Task description:
Once the line containing "optimal in the" is found in the records below, return it and each following line exactly, up to and including the line containing "infimum, so that", and nothing else.

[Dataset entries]
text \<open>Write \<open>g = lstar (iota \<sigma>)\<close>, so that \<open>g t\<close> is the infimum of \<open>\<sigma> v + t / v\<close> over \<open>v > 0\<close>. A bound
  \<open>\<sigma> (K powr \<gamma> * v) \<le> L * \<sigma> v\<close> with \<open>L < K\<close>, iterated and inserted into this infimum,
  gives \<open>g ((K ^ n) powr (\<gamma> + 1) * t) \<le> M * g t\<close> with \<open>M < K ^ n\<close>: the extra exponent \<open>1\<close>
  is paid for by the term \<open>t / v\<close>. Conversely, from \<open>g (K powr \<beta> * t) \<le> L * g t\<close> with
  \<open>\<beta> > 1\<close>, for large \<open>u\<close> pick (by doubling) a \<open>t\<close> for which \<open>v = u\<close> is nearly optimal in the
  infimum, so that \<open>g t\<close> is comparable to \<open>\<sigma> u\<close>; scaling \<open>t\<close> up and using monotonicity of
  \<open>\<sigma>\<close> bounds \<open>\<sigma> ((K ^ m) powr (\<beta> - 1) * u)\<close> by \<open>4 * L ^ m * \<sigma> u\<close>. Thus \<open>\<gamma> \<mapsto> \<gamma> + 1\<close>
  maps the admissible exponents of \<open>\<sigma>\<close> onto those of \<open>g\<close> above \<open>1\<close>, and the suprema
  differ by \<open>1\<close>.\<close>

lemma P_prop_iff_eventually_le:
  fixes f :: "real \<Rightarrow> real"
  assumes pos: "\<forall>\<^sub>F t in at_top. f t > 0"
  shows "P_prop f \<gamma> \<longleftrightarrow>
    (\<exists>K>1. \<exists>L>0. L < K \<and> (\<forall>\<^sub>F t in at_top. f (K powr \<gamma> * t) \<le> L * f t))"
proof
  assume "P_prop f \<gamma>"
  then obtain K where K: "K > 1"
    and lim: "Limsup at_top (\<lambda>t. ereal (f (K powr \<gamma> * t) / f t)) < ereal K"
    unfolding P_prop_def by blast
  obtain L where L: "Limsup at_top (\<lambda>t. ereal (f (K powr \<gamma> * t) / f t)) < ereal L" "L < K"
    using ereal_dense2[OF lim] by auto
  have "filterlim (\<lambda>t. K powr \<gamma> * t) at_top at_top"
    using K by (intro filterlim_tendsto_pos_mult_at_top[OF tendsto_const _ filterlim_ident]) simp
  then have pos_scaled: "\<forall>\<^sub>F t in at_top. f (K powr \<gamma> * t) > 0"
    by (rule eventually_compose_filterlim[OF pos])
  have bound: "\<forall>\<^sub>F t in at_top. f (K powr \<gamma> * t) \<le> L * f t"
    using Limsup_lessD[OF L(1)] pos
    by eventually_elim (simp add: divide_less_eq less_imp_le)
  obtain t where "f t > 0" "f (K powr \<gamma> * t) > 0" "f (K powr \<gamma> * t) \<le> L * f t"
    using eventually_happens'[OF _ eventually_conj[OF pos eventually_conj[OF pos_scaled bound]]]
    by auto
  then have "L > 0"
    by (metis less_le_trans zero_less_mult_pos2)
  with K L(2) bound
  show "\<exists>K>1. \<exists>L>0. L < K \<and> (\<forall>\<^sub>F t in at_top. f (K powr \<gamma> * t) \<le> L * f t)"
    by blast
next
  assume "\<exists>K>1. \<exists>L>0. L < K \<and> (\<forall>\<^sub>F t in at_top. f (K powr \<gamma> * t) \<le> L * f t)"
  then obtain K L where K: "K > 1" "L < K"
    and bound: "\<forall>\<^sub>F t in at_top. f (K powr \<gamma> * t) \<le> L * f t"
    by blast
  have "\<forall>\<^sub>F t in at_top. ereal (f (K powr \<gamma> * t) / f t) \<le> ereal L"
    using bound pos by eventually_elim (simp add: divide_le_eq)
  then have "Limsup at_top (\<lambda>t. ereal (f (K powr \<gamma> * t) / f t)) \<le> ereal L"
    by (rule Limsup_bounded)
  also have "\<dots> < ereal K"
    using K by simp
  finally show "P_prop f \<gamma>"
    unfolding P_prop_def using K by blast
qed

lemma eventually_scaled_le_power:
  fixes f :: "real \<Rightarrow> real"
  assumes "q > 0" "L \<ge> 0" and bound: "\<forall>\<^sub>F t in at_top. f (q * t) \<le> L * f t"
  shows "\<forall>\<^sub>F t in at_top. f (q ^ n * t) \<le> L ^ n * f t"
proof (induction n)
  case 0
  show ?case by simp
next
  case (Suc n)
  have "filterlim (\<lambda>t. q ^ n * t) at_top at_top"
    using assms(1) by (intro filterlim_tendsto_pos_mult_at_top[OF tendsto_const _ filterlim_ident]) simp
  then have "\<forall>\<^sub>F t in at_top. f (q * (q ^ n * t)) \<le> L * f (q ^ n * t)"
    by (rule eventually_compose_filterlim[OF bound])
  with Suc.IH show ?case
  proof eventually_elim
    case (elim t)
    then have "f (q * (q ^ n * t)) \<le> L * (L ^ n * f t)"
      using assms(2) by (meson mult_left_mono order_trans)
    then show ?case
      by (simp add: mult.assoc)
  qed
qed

==

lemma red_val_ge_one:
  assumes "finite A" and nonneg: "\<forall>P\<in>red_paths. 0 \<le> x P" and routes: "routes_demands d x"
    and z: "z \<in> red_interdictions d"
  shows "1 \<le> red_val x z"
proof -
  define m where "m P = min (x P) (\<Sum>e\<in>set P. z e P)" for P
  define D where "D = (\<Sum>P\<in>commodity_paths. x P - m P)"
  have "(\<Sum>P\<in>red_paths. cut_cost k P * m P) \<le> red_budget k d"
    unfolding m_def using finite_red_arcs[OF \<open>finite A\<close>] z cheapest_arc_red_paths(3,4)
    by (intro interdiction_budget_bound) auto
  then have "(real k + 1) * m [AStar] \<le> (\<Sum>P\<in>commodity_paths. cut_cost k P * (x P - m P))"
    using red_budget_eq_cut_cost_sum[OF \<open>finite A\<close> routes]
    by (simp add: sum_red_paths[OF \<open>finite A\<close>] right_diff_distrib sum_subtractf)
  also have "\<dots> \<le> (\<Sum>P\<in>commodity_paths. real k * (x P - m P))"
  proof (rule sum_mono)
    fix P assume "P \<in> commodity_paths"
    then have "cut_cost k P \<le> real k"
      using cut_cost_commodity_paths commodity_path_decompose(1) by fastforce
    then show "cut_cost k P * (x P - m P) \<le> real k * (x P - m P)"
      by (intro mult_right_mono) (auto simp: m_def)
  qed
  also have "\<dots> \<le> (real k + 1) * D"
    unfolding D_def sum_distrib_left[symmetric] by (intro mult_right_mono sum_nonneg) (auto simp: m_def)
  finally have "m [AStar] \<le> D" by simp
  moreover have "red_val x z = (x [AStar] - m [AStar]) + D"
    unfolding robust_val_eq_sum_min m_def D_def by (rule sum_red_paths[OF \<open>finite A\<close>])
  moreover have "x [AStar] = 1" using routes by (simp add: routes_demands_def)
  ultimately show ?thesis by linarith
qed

Result for this task:
  \<open>\<beta> > 1\<close>, for large \<open>u\<close> pick (by doubling) a \<open>t\<close> for which \<open>v = u\<close> is nearly optimal in the
  infimum, so that \<open>g t\<close> is comparable to \<open>\<sigma> u\<close>; scaling \<open>t\<close> up and using monotonicity of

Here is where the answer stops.